To launch a brand is to imply completion.
l From logos to experiences
Abstractions are increasingly less relevant and, though this may be a shock coming from Landor, there is no greater an
abstraction than a logo. There are many ways to define 'brand experience' but we view it simply: it happens whenever
and wherever a brand delivers its unique value.
It is easy to limit our understanding of this value to just the offer itself when in fact that value can be delivered in a
customer service call, or the packaging, or even the billing statement. The mistake is viewing the brand experience –
logos, colour palettes, etc. – as an extension of consistency. Great brand experiences are built through a series of
actions that deliver on a brand promise. That is the focus of the agile brand experience: delivering on a brand promise
across platforms, geographies, and audiences.
l From passive to active
If we accept the brand-as-cathedral metaphor, we accept a very defensive mindset – the brand as something that must
be preserved. An agile brand is one that must be continually improved and this suggests a different footing for brand
managers. Rather than being brand cops, they lead change. They look for new opportunities to evolve the brand and
create value. They are helping push the organisation or offer rather than letting it be pulled.
l From guidelines to principles
Guidelines are the brand cathedral's blueprints. They lay out, often in laborious detail, the do's and don'ts of the brand.
The problem with guidelines is that they assume every situation is known. Thus, by definition, they stifle innovation, they
are intended to eliminate flexibility, and they reduce the brand to a set of rules and procedures.
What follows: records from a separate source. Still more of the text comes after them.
lemma components_Un_separated:
  assumes "connected A" "connected B" "A \<noteq> {}" "B \<noteq> {}"
    and "A \<inter> closure B = {}" "B \<inter> closure A = {}"
  shows "components (A \<union> B) = {A, B}"
proof -
  have sep: "separatedin euclidean A B"
    using assms by (simp add: separatedin_def)
  have split: "C \<subseteq> A \<or> C \<subseteq> B" if "connected C" "C \<subseteq> A \<union> B" for C
    using connectedin_subset_separated_union[OF _ sep] that by simp
  have disj: "A \<inter> B = {}"
    using assms(5) closure_subset by blast
  have comp: "X \<in> components (A \<union> B)" if "X = A \<or> X = B" for X
    unfolding in_components_maximal
  proof (intro conjI allI impI)
    fix D assume "D \<noteq> {} \<and> X \<subseteq> D \<and> D \<subseteq> A \<union> B \<and> connected D"
    then show "D = X"
      using split[of D] that disj assms(3,4) by blast
  qed (use that assms in auto)
  have A_comp: "A \<in> components (A \<union> B)" and B_comp: "B \<in> components (A \<union> B)"
    using comp by simp_all
  have "C = A \<or> C = B" if C: "C \<in> components (A \<union> B)" for C
  proof -
    have "C \<inter> A \<noteq> {} \<or> C \<inter> B \<noteq> {}"
      using split[OF in_components_connected[OF C] in_components_subset[OF C]]
        in_components_nonempty[OF C] by blast
    then show ?thesis
      using components_eq[OF C A_comp] components_eq[OF C B_comp] by blast
  qed
  then show ?thesis
    using A_comp B_comp by blast
qed

lemma components_insert_limit_point:
  fixes p :: "'a::t1_space"
  assumes comps: "components S = {A, B}" and "A \<inter> B = {}" "p \<notin> S"
    and "p \<notin> closure A" "p \<in> closure B"
  shows "components (insert p S) = {A, insert p B}"
proof -
  have A: "A \<in> components S" and B: "B \<in> components S"
    using comps by simp_all
  have "insert p S = A \<union> insert p B"
    using Union_components[of S] comps by simp
  moreover have "components (A \<union> insert p B) = {A, insert p B}"
  proof (rule components_Un_separated)
    show "connected A" "A \<noteq> {}"
      using in_components_connected[OF A] in_components_nonempty[OF A] .
    show "connected (insert p B)"
      using assms(5) closure_subset[of B]
      by (intro connected_intermediate_closure[OF in_components_connected[OF B]]) blast+
    show "A \<inter> closure (insert p B) = {}" "insert p B \<inter> closure A = {}"
      using closure_component_Int[OF A] closure_component_Int[OF B] in_components_subset[OF A]
        in_components_subset[OF B] assms(2,4) by (auto simp: closure_insert)
  qed simp
  ultimately show ?thesis
    by simp
qed

lemma closure_continuous_image_bounded:
  fixes f :: "'a::heine_borel \<Rightarrow> 'b::t2_space"
  assumes "continuous_on (closure S) f" "bounded S"
  shows "closure (f ` S) = f ` closure S"
proof
  have "compact (f ` closure S)"
    using assms compact_closure compact_continuous_image by blast
  then show "closure (f ` S) \<subseteq> f ` closure S"
    by (simp add: closure_minimal closure_subset compact_imp_closed image_mono)
  show "f ` closure S \<subseteq> closure (f ` S)"
    using assms(1) by (rule continuous_image_closure_subset) simp
qed

lemma closures_of_components_comparable:
  fixes X L L' :: "'a::topological_space set"
  assumes X: "closed X"
    and U: "U \<in> components (X - L)" and U': "U' \<in> components (X - L')"
    and comps': "components (X - L') = {E', F'}"
    and L'_E': "L' \<subseteq> closure E'" and L'_F': "L' \<subseteq> closure F'"
    and L_E': "L \<subseteq> closure E'"
  shows "closure U \<subseteq> closure U' \<or> closure U' \<subseteq> closure U \<or>
    closure U \<inter> closure U' \<subseteq> L \<inter> L' \<or> closure U \<union> closure U' = X"
proof -
  have E': "E' \<in> components (X - L')" and F': "F' \<in> components (X - L')"
    using comps' by simp_all
  have U_sub: "U \<subseteq> X - L" and F'_sub: "F' \<subseteq> X - L'"
    using in_components_subset[OF U] in_components_subset[OF F'] .
  have clU: "closure U \<subseteq> U \<union> L" and clE': "closure E' \<subseteq> E' \<union> L'"
    and clF': "closure F' \<subseteq> F' \<union> L'"
    using closure_component_subset[OF X U] closure_component_subset[OF X E']
      closure_component_subset[OF X F'] .
  have cover': "X - L' = E' \<union> F'"
    using Union_components[of "X - L'"] comps' by simp
  have clU_X: "closure U \<subseteq> X" and clE'_X: "closure E' \<subseteq> X"
    using closure_minimal[OF _ X, of U] closure_minimal[OF _ X, of E'] U_sub
      in_components_subset[OF E'] by blast+
  show ?thesis
  proof (cases "E' = F'")
    case True
    then have "closure U \<subseteq> closure U'"
      using U' comps' cover' L'_E' closure_subset[of E'] clU_X by auto
    then show ?thesis
      by blast
  next
    case False
    then have "E' \<inter> F' = {}"
      using components_eq[OF E' F'] by blast
    then have L_F': "L \<inter> F' = {}"
      using L_E' clE' F'_sub by blast
    have "U' = E' \<or> U' = F'"
      using U' comps' by simp
    moreover have "F' \<subseteq> U \<or> closure F' \<inter> U = {}"
      using F'_sub L_F' in_components_connected[OF F']
      by (intro connected_subset_component_or_disjoint_closure[OF U]) blast+
    moreover have "closure U \<union> closure E' = X" if "F' \<subseteq> U"
      using closure_mono[OF that] closure_subset[of E'] closure_subset[of F'] cover' L'_E'
        clU_X clE'_X by blast
    moreover have "closure U \<subseteq> closure E'" if "closure F' \<inter> U = {}"
      using that U_sub cover' L'_F' closure_subset[of F'] closure_mono[of U E'] by blast
    moreover have "closure U \<inter> closure F' \<subseteq> L \<inter> L'" if "closure F' \<inter> U = {}"
      using that clU clF' L_F' by blast
    ultimately show ?thesis
      using closure_mono[of F' U] by blast
  qed
qed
Increasingly, we see success when a brand is governed by principles. Yes, brands need guidance, but given the nature
of today's fast-moving marketplace, guidelines quickly become obsolete. A clear set of principles is a powerful platform for
action. They offer support in unexpected situations and inspiration for new opportunities.
l From no to yes
At its simplest, an agile brand is one that says yes more than it says no. If we accept that brands must change and evolve
to be successful, then we must adopt a mindset of openness. We look to the future, we listen to the marketplace, and we
meet change not as something to manage, but as something to embrace.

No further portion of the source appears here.